Since February 2020, the COVID-19 pandemic has brought lots of changes. Some challenges lay in front of us, such as how faith could be lived out with family members who are close to us in the same bubble at a particular time, and so on. 

Although lockdown seemed to limit the ability of believers to worship God, in reality it opened a new way to examine our faith and practise it in every area of our real lives. Honestly, during quarantine our family had several times when we became tighter in our relationship, when it could have exploded in one way or another. For the family it might be easier to see the true colour of our faith. One thing I tried was simply to talk with my family member on the phone while I went shopping, asking what kinds of things he liked. Talking about food calmed the situation down. Living together might cause clashes of opinion too. When that happened I tried to get his point of view instead of just reacting to it. By listening more to what the other one says we become less self-centred, and the closed one could pick that up instantly. 

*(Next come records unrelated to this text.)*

lemma zero_in_im_down_ker_up: "0 \<in> im_down V f p \<inter> ker_up V f p"
proof
  have "0 \<in> f (fst p, q) p ` V (fst p, q)" if "q \<le> snd p" for q
  proof (rule rev_image_eqI)
    show "0 = f (fst p, q) p 0" using that by (simp add: pleq_def)
  qed simp
  then show "0 \<in> im_down V f p" unfolding im_down_def by blast
  show "0 \<in> ker_up V f p"
    unfolding ker_up_def using V_0 f_0 by (cases p) auto
qed

lemma exists_db_section:
  assumes pfd: "pfd sc V"
    and exact: "\<And>x x' y y'. x \<le> x' \<Longrightarrow> y \<le> y' \<Longrightarrow> square_exact V f x x' y y'"
    and "(\<exists>p. im_left V f p \<inter> ker_right V f p \<noteq> {0}) \<or> (\<exists>p. im_down V f p \<inter> ker_up V f p \<noteq> {0})"
  shows "\<exists>e. global_section e \<and> db_block {q. e q \<noteq> 0}"
  using assms(3)
proof (elim disjE exE)
  fix p assume "im_left V f p \<inter> ker_right V f p \<noteq> {0}"
  then obtain v where "v \<in> im_left V f p" "v \<in> ker_right V f p" "v \<noteq> 0"
    using zero_in_im_left_ker_right by blast
  then show ?thesis using exists_db_section_left[OF pfd exact] by blast
next
  fix p assume "im_down V f p \<inter> ker_up V f p \<noteq> {0}"
  then obtain v where "v \<in> im_down V f p" "v \<in> ker_up V f p" "v \<noteq> 0"
    using zero_in_im_down_ker_up by blast
  then show ?thesis using exists_db_section_down[OF pfd exact] by blast
qed

lemma interval_module_of_section:
  assumes ind: "indecomposable sc V f" and e: "global_section e" "db_block {q. e q \<noteq> 0}"
  shows "\<exists>B. db_block B \<and> pmod_iso sc V f ((*) :: 'k \<Rightarrow> 'k \<Rightarrow> 'k) (kB_space B) (kB_map B)"
proof -
  obtain p where "e p \<noteq> 0" using db_block_nonempty[OF e(2)] by blast
  then have "V q = section_line e q" for q
    using indecomposable_section_line[OF ind e(1)] db_block_join[OF e(2)] by blast
  then show ?thesis using section_line_iso[OF e(1)] e(2) by blast
qed

end

theorem lemma5p8:
  fixes sc :: "'k::field \<Rightarrow> 'v::ab_group_add \<Rightarrow> 'v"
    and V :: "'s::linorder \<times> 't::linorder \<Rightarrow> 'v set"
    and f :: "'s \<times> 't \<Rightarrow> 's \<times> 't \<Rightarrow> 'v \<Rightarrow> 'v"
  assumes "pmod sc V f"
    and "pfd sc V"
    and "indecomposable sc V f"
    and "\<And>x x' y y'. x \<le> x' \<Longrightarrow> y \<le> y' \<Longrightarrow> square_exact V f x x' y y'"
    and "(\<exists>p. im_left V f p \<inter> ker_right V f p \<noteq> {0}) \<or>
         (\<exists>p. im_down V f p \<inter> ker_up V f p \<noteq> {0})"
  shows "\<exists>B. db_block B \<and> pmod_iso sc V f ((*) :: 'k \<Rightarrow> 'k \<Rightarrow> 'k) (kB_space B) (kB_map B)"
proof -
  interpret persistence_module sc V f by unfold_locales (fact assms(1))
  obtain e where "global_section e" "db_block {q. e q \<noteq> 0}"
    using exists_db_section[OF assms(2,4,5)] by blast
  then show ?thesis by (rule interval_module_of_section[OF assms(3)])
qed

end
(* Under the setting below, every nonzero element $\bar x$ of $\mathcal C$ satisfies $\sum_{i=1}^r\bar x_i=\frac12(n-1)$. Equivalently, after subtracting a constant from the superpotential $u$ (which removes $0$ from $\mathcal C$ and leaves a superpotential), $\mathcal C$ lies in the hyperplane $\{\bar x:\sum_i\bar x_i=\frac12(n-1)\}$.
   Context: Let $G$ be a compact Lie group, $K\subset G$ a closed subgroup with $G/K$ connected and almost effective, and $\mathfrak p=\mathfrak p_1\oplus\cdots\oplus\mathfrak p_r$ ($r\ge2$) an $\mathrm{Ad}(K)$-invariant decomposition of the isotropy representation into pairwise inequivalent $\mathbb R$-irreducible summands; $d_i=\dim\mathfrak p_i$, $d=(d_1,\dots,d_r)$, $n=\sum d_i$. For $q\in\mathbb R^r$ the $G$-invariant metric equal to $e^{q_i}Q$ on $\mathfrak p_i$ ($Q$ fixed bi-invariant) has scalar curvature $S(q)=\sum_{w\in\mathcal W}A_we^{w\cdot q}$ with $\mathcal W\subset\mathbb Z^r$ finite and constants $A_w\ne0$; each $w\in\mathcal W$ is of type I (one entry $-1$, rest $0$), type II (one entry $1$, two entries $-1$, rest $0$) or type III (one entry $1$, one entry $-2$, rest $0$), and $A_w>0$ for type I, $A_w<0$ for types II, III. Assume $\dim\operatorname{conv}(\mathcal W)=r-1$. $J$ is the symmetric bilinear form on $\mathbb R^r$ with $J(p,p)=\frac1{n-1}(\sum p_i)^2-\sum p_i^2/d_i$. Assume $u(q)=\sum_{\bar c\in\mathcal C}F_{\bar c}e^{\bar c\cdot q}$ ($\mathcal C\subset\mathbb R^r$ finite, $F_{\bar c}\neq0$) is a superpotential, i.e. $J(\nabla u,\nabla u)=e^{d\cdot q}S(q)$; equivalently, for every $\xi\in\mathbb R^r$, $\sum_{(\bar a,\bar c)\in\mathcal C\times\mathcal C,\ \bar a+\bar c=\xi}J(\bar a,\bar c)F_{\bar a}F_{\bar c}$ equals $A_w$ if $\xi=d+w$ with $w\in\mathcal W$ and $0$ otherwise. *)

theory Defs
  imports "HOL-Analysis.Analysis"
begin

text \<open>Vectors in R^r are modelled as real^'r; the index type 'r has r = CARD('r) elements.
  e_i is axis i 1.\<close>

definition typeI :: "real^'r \<Rightarrow> bool" where
  "typeI w \<longleftrightarrow> (\<exists>i. w = - axis i 1)"

definition typeII :: "real^'r \<Rightarrow> bool" where
  "typeII w \<longleftrightarrow> (\<exists>i j k. i \<noteq> j \<and> i \<noteq> k \<and> j \<noteq> k \<and>
      w = axis i 1 - axis j 1 - axis k 1)"

definition typeIII :: "real^'r \<Rightarrow> bool" where
  "typeIII w \<longleftrightarrow> (\<exists>i j. i \<noteq> j \<and> w = axis i 1 - 2 *\<^sub>R axis j 1)"

definition dvec :: "('r::finite \<Rightarrow> nat) \<Rightarrow> real^'r" where
  "dvec d = (\<chi> i. real (d i))"

definition ntot :: "('r::finite \<Rightarrow> nat) \<Rightarrow> nat" where
  "ntot d = (\<Sum>i\<in>UNIV. d i)"

definition Jform :: "('r::finite \<Rightarrow> nat) \<Rightarrow> real^'r \<Rightarrow> real^'r \<Rightarrow> real" where
  "Jform d p p' = (\<Sum>i\<in>UNIV. p $ i) * (\<Sum>i\<in>UNIV. p' $ i) / (real (ntot d) - 1)
                 - (\<Sum>i\<in>UNIV. p $ i * p' $ i / real (d i))"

It absolutely is not easy to confess what I have done that might have agitated others. During lockdown there was a chance to become more fully aware of it. So, lockdown may not be that bad, it could be a rhythm of life, called “Selah” in the Bible, a moment to pause and become more fully aware. I am more than ever convinced by Luke 16:10: “He who is faithful in what is least is faithful also in much; and he who is unjust in what is least is unjust also in much.” When people see the true transformation in our life, that might cause them to wonder what a Christian looks like. It is an opportunity to proclaim to the world who God is, and that the foundation of the world is fear of God rather than being afraid of an insignificant virus. I believe that is our mission. 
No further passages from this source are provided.